◆ **WHAT TO PRODUCE**
In the listing below, find the line with "unfolding power_Suc[of _" and the line with "ultimately show ?thesis". Repeat those two lines and all lines between them exactly.

- - - -

(* All four identities are specialisations of the series form of the defining relations,
     (d - c) [t_ij(u - c), t_kl(u - d)] = +-(t_kj(u - c) t_il(u - d) - t_kj(u - d) t_il(u - c)),
   [_, _] being the supercommutator. With G_c = (u - c)^(-1), a series in u^(-1) with integer,
   hence central, coefficients, one has t(u - c) = sum_r t^(r) G_c^r and the resolvent identity
   (d - c) G_c G_d = G_d - G_c. Multiplying the double series
   sum_(r,s) [t_ij^(r), t_kl^(s)] G_c^r G_d^s by d - c and applying the resolvent identity
   telescopes it against the defining relations in the form
     [t_ij^(r+1), t_kl^(s)] - [t_ij^(r), t_kl^(s+1)] = +-(t_kj^(r) t_il^(s) - t_kj^(s) t_il^(r)).
   The infinite sums are replaced by truncations, which agree with the series below degree N.
   For (3) the relation reads 2 t_12(u-1) t_12(u) = 0, and 2 is invertible as p > 2. *)

definition of_int_fps :: "int fps \<Rightarrow> 'a::ring_1 fps" where
  "of_int_fps f = Abs_fps (\<lambda>n. of_int (f $ n))"

lemma of_int_fps_nth [simp]: "of_int_fps f $ n = of_int (f $ n)"
  by (simp add: of_int_fps_def)

lemma of_int_fps_diff: "of_int_fps (f - g) = of_int_fps f - of_int_fps g"
  by (rule fps_ext) simp

lemma of_int_fps_mult: "of_int_fps (f * g) = of_int_fps f * of_int_fps g"
  by (rule fps_ext) (simp add: fps_mult_nth)

lemma of_int_fps_const_mult: "of_int_fps (fps_const k * f) = of_int k * of_int_fps f"
  by (simp add: fps_eq_iff flip: fps_of_int)

lemma of_int_fps_commute: "of_int_fps f * g = g * of_int_fps f"
proof (rule fps_ext)
  fix n
  have "(of_int_fps f * g) $ n = (\<Sum>i=0..n. g $ (n - i) * of_int (f $ i))"
    by (simp add: fps_mult_nth mult_of_int_commute)
  also have "\<dots> = (\<Sum>i=0..n. g $ i * of_int (f $ (n - i)))"
    by (rule sum.reindex_bij_witness[where i="\<lambda>i. n - i" and j="\<lambda>i. n - i"]) auto
  finally show "(of_int_fps f * g) $ n = (g * of_int_fps f) $ n"
    by (simp add: fps_mult_nth)
qed

(* (u - c)^(-1) = X / (1 - c X) in the variable X = u^(-1) *)
definition geom_fps :: "int \<Rightarrow> int fps" where
  "geom_fps c = fps_X * Abs_fps (\<lambda>n. c ^ n)"

lemma one_minus_X_mult_geometric_series:
  "(1 - fps_const (c::int) * fps_X) * Abs_fps (\<lambda>n. c ^ n) = 1"
proof (rule fps_ext)
  fix n
  have "(1 - fps_const c * fps_X) * Abs_fps (\<lambda>n. c ^ n)
      = Abs_fps (\<lambda>n. c ^ n) - fps_const c * (fps_X * Abs_fps (\<lambda>n. c ^ n))"
    by algebra
  then show "((1 - fps_const c * fps_X) * Abs_fps (\<lambda>n. c ^ n)) $ n = 1 $ n"
    by (cases n) simp_all
qed

lemma geom_fps_resolvent: "fps_const (d - c) * (geom_fps c * geom_fps d) = geom_fps d - geom_fps c"
proof -
  let ?Ec = "Abs_fps (\<lambda>n. c ^ n)" and ?Ed = "Abs_fps (\<lambda>n. d ^ n)"
  let ?F = "(1 - fps_const c * fps_X) * (1 - fps_const d * fps_X)"
  have Ec: "(1 - fps_const c * fps_X) * ?Ec = 1" and Ed: "(1 - fps_const d * fps_X) * ?Ed = 1"
    by (fact one_minus_X_mult_geometric_series)+
  have F: "?F \<noteq> 0"
    by (metis Ec Ed mult_eq_0_iff zero_neq_one)
  have L: "?F * (fps_const (d - c) * (geom_fps c * geom_fps d)) = fps_const (d - c) * fps_X ^ 2"
  proof -
    have "?F * (fps_const (d - c) * (geom_fps c * geom_fps d))
        = fps_const (d - c) * fps_X ^ 2 *
            ((1 - fps_const c * fps_X) * ?Ec) * ((1 - fps_const d * fps_X) * ?Ed)"
      unfolding geom_fps_def by algebra
    then show ?thesis by (simp add: Ec Ed)
  qed
  have R: "?F * (geom_fps d - geom_fps c) = fps_const (d - c) * fps_X ^ 2"
  proof -
    have "?F * (geom_fps d - geom_fps c)
        = (1 - fps_const c * fps_X) * fps_X * ((1 - fps_const d * fps_X) * ?Ed)
          - (1 - fps_const d * fps_X) * fps_X * ((1 - fps_const c * fps_X) * ?Ec)"
      unfolding geom_fps_def by algebra
    then show ?thesis unfolding Ec Ed fps_const_sub[symmetric] by algebra
  qed
  show ?thesis
    using mult_left_cancel[OF F] L R by metis
qed

lemma geom_series_power_nth:
  "(Abs_fps (\<lambda>n. c ^ n) ^ Suc r) $ m = (c::int) ^ m * int ((r + m) choose m)"
proof (induction r arbitrary: m)
  case 0
  then show ?case by simp
next
  case (Suc r)
  have "(Abs_fps (\<lambda>n. c ^ n) ^ Suc (Suc r)) $ m
      = (\<Sum>i=0..m. c ^ i * (c ^ (m - i) * int ((r + (m - i)) choose (m - i))))"
    unfolding power_Suc[of _ "Suc r"] fps_mult_nth Suc.IH by simp
  also have "\<dots> = c ^ m * (\<Sum>i=0..m. int ((r + (m - i)) choose (m - i)))"
    by (simp add: sum_distrib_left mult.assoc[symmetric] power_add[symmetric])
  also have "(\<Sum>i=0..m. int ((r + (m - i)) choose (m - i)))
      = (\<Sum>k\<le>m. int ((r + k) choose k))"
    by (rule sum.reindex_bij_witness[where i="\<lambda>i. m - i" and j="\<lambda>i. m - i"]) auto
  also have "\<dots> = int ((Suc r + m) choose m)"
    by (simp flip: of_nat_sum add: sum_choose_lower)
  finally show ?case .
qed

lemma geom_fps_power_nth:
  assumes "0 < r" "r \<le> n"
  shows "(geom_fps c ^ r) $ n = c ^ (n - r) * int ((n - 1) choose (n - r))"
proof -
  obtain r' where r: "r = Suc r'" using assms(1) by (cases r) auto
  have "geom_fps c ^ r = fps_X ^ r * Abs_fps (\<lambda>n. c ^ n) ^ Suc r'"
    by (simp add: geom_fps_def power_mult_distrib r del: power_Suc)
  moreover have "r' + (n - r) = n - 1" using assms r by simp
  ultimately show ?thesis
    using assms by (simp add: fps_X_power_mult_nth geom_series_power_nth del: power_Suc)
qed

- - - -

◆ **RESULT FOR THIS TASK**
    unfolding power_Suc[of _ "Suc r"] fps_mult_nth Suc.IH by simp
  also have "\<dots> = c ^ m * (\<Sum>i=0..m. int ((r + (m - i)) choose (m - i)))"
    by (simp add: sum_distrib_left mult.assoc[symmetric] power_add[symmetric])
  also have "(\<Sum>i=0..m. int ((r + (m - i)) choose (m - i)))
      = (\<Sum>k\<le>m. int ((r + k) choose k))"
    by (rule sum.reindex_bij_witness[where i="\<lambda>i. m - i" and j="\<lambda>i. m - i"]) auto
  also have "\<dots> = int ((Suc r + m) choose m)"
    by (simp flip: of_nat_sum add: sum_choose_lower)
  finally show ?case .
qed

lemma geom_fps_power_nth:
  assumes "0 < r" "r \<le> n"
  shows "(geom_fps c ^ r) $ n = c ^ (n - r) * int ((n - 1) choose (n - r))"
proof -
  obtain r' where r: "r = Suc r'" using assms(1) by (cases r) auto
  have "geom_fps c ^ r = fps_X ^ r * Abs_fps (\<lambda>n. c ^ n) ^ Suc r'"
    by (simp add: geom_fps_def power_mult_distrib r del: power_Suc)
  moreover have "r' + (n - r) = n - 1" using assms r by simp
  ultimately show ?thesis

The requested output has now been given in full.